Materials and Methods

Primary human tumour material

Primary human colorectal tumour material was obtained from the AMC-AJCCII-90 cohort, 90 AJCC stage II colorectal cancer patients who underwent surgical resection at the Amsterdam Medical Center, The Netherlands, in the years 1997–2006 (AMC-AJCCII-90). The study is compliant with all relevant ethical regulations involving human participants, and was approved by the medical ethical committee of the AMC. Informed consent was obtained from all subjects.

In vivo experiments

The study is compliant with all relevant ethical regulations regarding animal research. All in vivo experiments of this study were approved by the Animal Experimentation Committee at the Academic Medical Center in Amsterdam (DEC103141) and performed according to national guidelines. Female nude (Hsd:Athymic Nude-Foxn1nu) mice (6-12 weeks old) were obtained from Envigo. NOD-scid IL2rγnull mice (NSG; NOD.Cg-Prkdcscid Il2rgtm1Wjl/SzJ) were bred in our facility. Animals were randomly assigned to experimental groups, no blinding was performed during these experiments. Animals were only excluded from analyses when no tumours appeared. Animal sample sizes were estimated on the basis of previous work1.

Cell culture and constructs

Human primary colon cancer cultures were established as described previously13 and cultured as spheroids in polyHEMA (Poly(2-hydroxyethyl methacrylate, Sigma) coated flasks (Corning). Spheroid cultures expressing a TCF/LEF driven GFP reporter (TOP-GFP) for Wnt signalling were described previously19. Primary cell culture medium contains advanced DMEM/F12 (Life Technologies), supplemented with N-2 (Life Technologies), L-glutamine, glucose, HEPES, heparin, insulin, epidermal growth factor (EGF) and basic fibroblast growth factor (bFGF) as described previously13. Primary fibroblast cultures were established by mechanical disruption and digestion of fetal intestinal tissue using Liberase (Sigma), cells were filtered through a 70 µm filter and cultured in IMDM (Life Technologies) containing 10% FCS (Life Technologies). Cocultures of primary colon cancer cells and fibroblasts were performed in primary cell culture medium without EGF and FGF. HCT-15 (ATCC) and HT29 (Sanger) cells were cultured in DMEM (Life Technologies) supplemented with 10% FCS (Life Technologies). Spheroid cultures were lentivirally transduced with LV-indLS223 or pWPXLD-OPN and single cell cloned by single cell plating in 96-wells plates with SH800 cell sorter (Sony). For in vitro chemotherapy, cells were treated with either oxaliplatin (Sigma) or 5-Fluorouracil (5-FU) (Sigma) at the indicated concentrations. Cell lines have been authenticated by STR profiling and mutation analysis and were regularly tested for mycoplasma. pWPXLD-OPN was generated by cloning of human OPN-full length (OPN-FL) from pDEST-OPN-A (Addgene) into the pWPXLD lentiviral expression vector (Addgene) using the PmeI restriction site.
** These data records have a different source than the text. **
lemma rank_rev_topmost_elem:
  assumes inj: "inj_on \<rho> {..<n + k}"
  shows "rank_rev n k \<rho> = (\<Union>j<n + k.
    (\<lambda>l. (CA (topmost_elem (n + k) \<rho> j), CB l)) ` incomp_all n k (topmost (n + k) \<rho> (Suc j)))"
proof (intro equalityI subsetI)
  fix z assume "z \<in> rank_rev n k \<rho>"
  then obtain p l where pl: "z = (CA p, CB l)" "p < n + k" "l \<in> incomp_all n k (upset (n + k) \<rho> p)"
    unfolding rank_rev_def by blast
  define j where "j = above_count (n + k) \<rho> p"
  have "j < n + k"
    unfolding j_def using bij_betwE[OF bij_betw_above_count[OF inj]] pl(2) by blast
  moreover have "z = (CA (topmost_elem (n + k) \<rho> j), CB l)"
    unfolding j_def using topmost_elem_above_count[OF inj pl(2)] pl(1) by simp
  moreover have "l \<in> incomp_all n k (topmost (n + k) \<rho> (Suc j))"
    unfolding j_def using upset_eq_topmost[OF inj pl(2)] pl(3) by simp
  ultimately show "z \<in> (\<Union>j<n + k.
    (\<lambda>l. (CA (topmost_elem (n + k) \<rho> j), CB l)) ` incomp_all n k (topmost (n + k) \<rho> (Suc j)))"
    by blast
next
  fix z assume "z \<in> (\<Union>j<n + k.
    (\<lambda>l. (CA (topmost_elem (n + k) \<rho> j), CB l)) ` incomp_all n k (topmost (n + k) \<rho> (Suc j)))"
  then obtain j l where "z = (CA (topmost_elem (n + k) \<rho> j), CB l)" "j < n + k"
    "l \<in> incomp_all n k (topmost (n + k) \<rho> (Suc j))"
    by blast
  then show "z \<in> rank_rev n k \<rho>"
    using upset_eq_topmost[OF inj topmost_elem_lt[OF inj]] above_count_topmost_elem[OF inj]
      topmost_elem_lt[OF inj] by (simp add: rank_rev_iff)
qed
In vitro validation of inducible reporter expression

Cells were treated 1 day after plating with 4-OH-Tamoxifen (Sigma) for 24 hours. At various time-points after treatment, cells were dissociated using trypsin-EDTA and mStrawberry expression was measured by flow-cytometry (FACS-Canto, BD biosciences).

Cell viability

For in vitro proliferation assays, 2000 tumour cells/well were seeded in 96-wells plates in 100 µl of medium. The next day, medium was refreshed with control medium, medium containing 500 ng/ml human recombinant Osteopontin (OPN) (Sigma), or fibroblast conditioned medium. At different time points, proliferation was measured using the Cell Titer Blue assay (Promega). Fluorescence signal was measured by fluorescence reader (Biotek).

Xenograft studies

Subcutaneous tumour growth and label induction

To generate in vivo tumours, 50,000 human primary colon cancer cells in medium were mixed at an 1:1 ratio with Matrigel (Corning) and injected subcutaneously into both flanks of nude mice. mStrawberry expression was induced when the tumour reached a size of ~100 mm3, by a single intraperitoneal injection with 0.05 mg/mouse 4-OH-Tamoxifen (Sigma) dissolved in sunflower oil (Sigma). Tumour growth was measured twice a week using callipers, using the formula 0.5*length*width*height.

Chemotherapeutic treatment of subcutaneous tumours

For in vivo chemotherapeutic treatment of Co100 xenografts, first small subcutaneous tumours were grown as described above. At a tumour size of 200-300 mm3 treatment was started. Mice received a combination of oxaliplatin (3 mg/kg, 1x/week) and 5-FU (15 mg/kg, 2x/week), 4 days after start of the treatment a single 4-OH-Tamoxifen dose was given to induce clone labelling. Treatment was continued until the tumours were harvested.

Orthotopic tumour growth

For orthotopic tumour growth, 50,000 tumour cells in a mix of medium and Matrigel (1:1 ratio) were injected in the cecal wall of nude mice using laparotomy under anaesthetics. Metacam was subcutaneously administered as pre-operative analgesia. Mice were monitored daily during recovery. Growth curves and clone dynamics of chemotherapy treated Co100 xenografts, and C0100.OPN xenografts were compared to parental Co100 tumours (Fig. 3d).

Tumour isolation

Mice were sacrificed at various time points to isolate tumours. Immediately after isolation, tumours were fixed using 4%-paraformaldehyde. 20 µm-thick frozen tissue sections were taken from different locations within the tumour with intervals of >100 µm, to prevent double sectioning of clones. For immunohistochemistry purposes, representative tumours were embedded in paraffin.

Limiting dilution assay

Cells were dissociated and plated in 96-wells plates (Corning) using SH800 Cell Sorter (Sony) in a limiting dilution fashion at 1, 2, 4, 8, 16, 24, 32, 64, 128, 256 cells per well. Clonal frequency and significance was analysed using the Extreme Limiting Dilution Analysis (ELDA) ‘limdil’ function36. For limiting dilution assays with tumour cells from freshly isolated xenografts, the outside (~1 mm) and the centre of the tumour were first separated using razor blades and cut into small pieces. Both populations were dissociated in medium containing collagenase (Roche) and hyaluronidase (Sigma) at 37°C for 1 hour. Cells were filtered through a 70 µm filter. Dead cells were excluded by 7-AAD staining (BD Biosciences).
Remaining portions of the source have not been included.